On January 16, 2026, the Company filed a Form S-3 shelf registration with the Securities and Exchange Commission ("SEC") to replace its expiring universal shelf registration statement that expired on January 17, 2026. In accordance with SEC rules, the Company may make securities offerings under the existing shelf registration statement until the new registration statement is declared effective, subject to a maximum extension of 180 days and subject to continued S-3 eligibility. The renewal maintains continuous flexibility for the Company. To satisfy the Company's obligations pursuant to the Pre-Paid Advance Agreements and Standby Equity Purchase Agreement, the Form S-3 registration statement, once declared effective by the SEC, will also register the offering and sale of common stock pursuant to the Pre-Paid Advance Agreements and the Standby Equity Purchase Agreement dated November 20, 2026 by and between the Company and certain investors named therein.
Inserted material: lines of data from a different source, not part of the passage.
lemma ancestor_parent:
  assumes "x \<in> V" "ancestor u x" "u \<noteq> x"
  shows "ancestor u (par x)"
proof (rule ccontr)
  assume not_anc: "\<not> ancestor u (par x)"
  have "x \<noteq> r" using assms ancestor_of_root by blast
  then have "ancestor (par x) x" "par x \<in> V" using parent_ancestor parent_in_V assms(1) by auto
  with not_anc have "ancestor (par x) u" "par x \<noteq> u"
    using ancestor_linear[OF assms(1,2)] on_root_path_refl by metis+
  then have "depth r par (par x) < depth r par u"
    using ancestor_depth_less ancestor_in_V assms(1,2) by blast
  moreover have "depth r par u < depth r par x" using ancestor_depth_less assms by blast
  moreover have "depth r par (par x) = depth r par x - 1"
    using depth_funpow[OF assms(1), of 1] depth_pos[OF assms(1) \<open>x \<noteq> r\<close>] by simp
  ultimately show False by linarith
qed

abbreviation meet :: "'a \<Rightarrow> 'a \<Rightarrow> 'a" where
  "meet x y \<equiv> tree_inf r par x y"

lemma is_tree_inf_exists:
  assumes "x \<in> V" "y \<in> V"
  shows "\<exists>w. is_tree_inf r par x y w"
proof -
  let ?common = "\<lambda>w. ancestor w x \<and> ancestor w y"
  have "?common r" using root_ancestor assms by blast
  moreover have "\<forall>w. ?common w \<longrightarrow> depth r par w < Suc (depth r par x)"
    by (metis ancestorE assms(1) diff_le_self le_imp_less_Suc)
  ultimately obtain w where w: "?common w" and deepest: "\<And>w'. ?common w' \<Longrightarrow> depth r par w' \<le> depth r par w"
    using ex_has_greatest_nat[of ?common r "depth r par"] by blast
  have "ancestor w' w" if "?common w'" for w'
  proof -
    have "ancestor w' w \<or> ancestor w w'" using ancestor_linear assms(1) w that by blast
    moreover have "\<not> depth r par w < depth r par w'" using deepest that by (simp add: not_less)
    then have "w = w'" if "ancestor w w'"
      using ancestor_depth_less ancestor_in_V assms(1) \<open>?common w'\<close> that by blast
    ultimately show ?thesis using on_root_path_refl by blast
  qed
  with w show ?thesis unfolding is_tree_inf_def by blast
qed

lemma tree_inf_eqI:
  assumes "x \<in> V" "is_tree_inf r par x y w"
  shows "meet x y = w"
  unfolding tree_inf_eq_The
proof (rule the_equality)
  fix w' assume "is_tree_inf r par x y w'"
  with assms show "w' = w"
    unfolding is_tree_inf_def using ancestor_antisym ancestor_in_V by metis
qed (rule assms(2))

lemma is_tree_inf_meet: "x \<in> V \<Longrightarrow> y \<in> V \<Longrightarrow> is_tree_inf r par x y (meet x y)"
  using is_tree_inf_exists tree_inf_eqI by metis

lemma meet_ancestor:
  assumes "x \<in> V" "y \<in> V"
  shows "ancestor (meet x y) x" "ancestor (meet x y) y"
  using is_tree_inf_meet[OF assms] unfolding is_tree_inf_def by blast+

lemma meet_in_V: "x \<in> V \<Longrightarrow> y \<in> V \<Longrightarrow> meet x y \<in> V"
  using meet_ancestor ancestor_in_V by blast

lemma meet_commute: "x \<in> V \<Longrightarrow> y \<in> V \<Longrightarrow> meet x y = meet y x"
  using is_tree_inf_meet is_tree_inf_commute tree_inf_eqI by metis

lemma meet_root: "x \<in> V \<Longrightarrow> meet x r = r"
  using is_tree_inf_meet[OF _ root_in_V] meet_ancestor(2)[OF _ root_in_V] ancestor_of_root
  by blast

lemma root_meet: "x \<in> V \<Longrightarrow> meet r x = r"
  using meet_commute meet_root root_in_V by metis
lemma maxop_sum_le_Aq:
  fixes \<sigma> u x :: "nat \<Rightarrow> real" and q A X :: real
  assumes q: "q > 1" and sp: "\<And>j. j \<ge> 1 \<Longrightarrow> \<sigma> j > 0" and up: "\<And>j. j \<ge> 1 \<Longrightarrow> u j > 0"
    and Acond: "\<And>n. n \<ge> 1 \<Longrightarrow> ((\<Sum>j=1..n. \<sigma> j) / n) * ((\<Sum>j=1..n. u j) / n) powr (q - 1) \<le> A"
    and rel: "\<And>j. j \<ge> 1 \<Longrightarrow> \<sigma> j = u j powr (1 - q)"
    and X: "wsum q \<sigma> (\<lambda>k. \<bar>x k\<bar>) \<le> ennreal X" "X \<ge> 0"
  shows "maxop_sum q \<sigma> x \<le> ennreal (A powr (q/(q-1)) * q powr (q/(q-1)) * (q/(q-1)) powr q * X)"
proof -
  define C where "C = A powr (q/(q-1)) * q powr (q/(q-1)) * (q/(q-1)) powr q"
  define M where "M = (\<lambda>N k. \<sigma> k * wmax (\<lambda>_. 1) (\<lambda>j. \<bar>x j\<bar>) N k powr q)"
  have M0: "M N k \<ge> 0" if "k \<ge> 1" for N k
    using sp[OF that] by (simp add: M_def)
  have trunc: "(\<Sum>k=1..N. M N k) \<le> C * X" for N
  proof -
    have "(\<Sum>k=1..N. M N k) \<le> C * (\<Sum>k=1..N. \<sigma> k * \<bar>x k\<bar> powr q)"
      unfolding C_def M_def by (rule sum_max_avg_powr_le[OF q]) (use sp up Acond rel in auto)
    also have "\<dots> \<le> C * X"
      using sum_le_wsum[OF X(1) _ X(2)] sp by (intro mult_left_mono) (auto simp: C_def less_imp_le)
    finally show ?thesis .
  qed
  have inc: "incseq (\<lambda>N. ennreal (M (N + K) k))" if "1 \<le> k" "k \<le> K" for k K
    using that sp[OF that(1)] q
    by (auto intro!: incseq_SucI ennreal_leI mult_left_mono powr_mono2 wmax_mono_right wmax_nonneg
        simp: M_def)
  have "(\<Sum>k<K. ennreal (\<sigma> (Suc k)) * enn_rpow (maxop x (Suc k)) q) \<le> ennreal (C * X)" for K
  proof -
    have "(\<Sum>k<K. ennreal (\<sigma> (Suc k)) * enn_rpow (maxop x (Suc k)) q)
        = (\<Sum>k=1..K. ennreal (\<sigma> k) * enn_rpow (maxop x k) q)"
      by (simp add: sum.atLeast1_atMost_eq)
    also have "\<dots> \<le> (\<Sum>k=1..K. ennreal (\<sigma> k) * (SUP N. ennreal (wmax (\<lambda>_. 1) (\<lambda>j. \<bar>x j\<bar>) (N + K) k powr q)))"
      using q by (intro sum_mono mult_left_mono maxop_powr_le_SUP_wmax) auto
    also have "\<dots> = (\<Sum>k=1..K. SUP N. ennreal (M (N + K) k))"
      using sp by (intro sum.cong) (auto simp: M_def SUP_mult_left_ennreal ennreal_mult'' less_imp_le)
    also have "\<dots> = (SUP N. \<Sum>k=1..K. ennreal (M (N + K) k))"
      by (rule ennreal_SUP_sum[symmetric]) (use inc in auto)
    also have "\<dots> \<le> ennreal (C * X)"
    proof (rule SUP_least)
      fix N
      have "(\<Sum>k=1..K. ennreal (M (N + K) k)) \<le> (\<Sum>k=1..N+K. ennreal (M (N + K) k))"
        by (intro sum_mono2) auto
      also have "\<dots> = ennreal (\<Sum>k=1..N+K. M (N + K) k)"
        using M0 by (intro sum_ennreal) auto
      also have "\<dots> \<le> ennreal (C * X)" using trunc by (intro ennreal_leI)
      finally show "(\<Sum>k=1..K. ennreal (M (N + K) k)) \<le> ennreal (C * X)" .
    qed
    finally show ?thesis .
  qed
  then show ?thesis
    unfolding maxop_sum_def C_def[symmetric] by (rule suminf_le_const[OF summableI])
qed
Other than the conversion of the remaining principal aggregate amount outstanding under the Pre-Paid Advance Agreements at the option of the investors, there are no specific plans to offer securities under the shelf registration statement at this time.
The information included in this Item 7.01 is being furnished and shall not be deemed to be "filed" for the purposes of Section 18 of the Exchange Act, or otherwise subject to the liabilities of that section, nor shall it be deemed to be incorporated by reference into any registration statement or other document filed pursuant to the Securities Act, except as shall be expressly set forth by specific reference in such filing.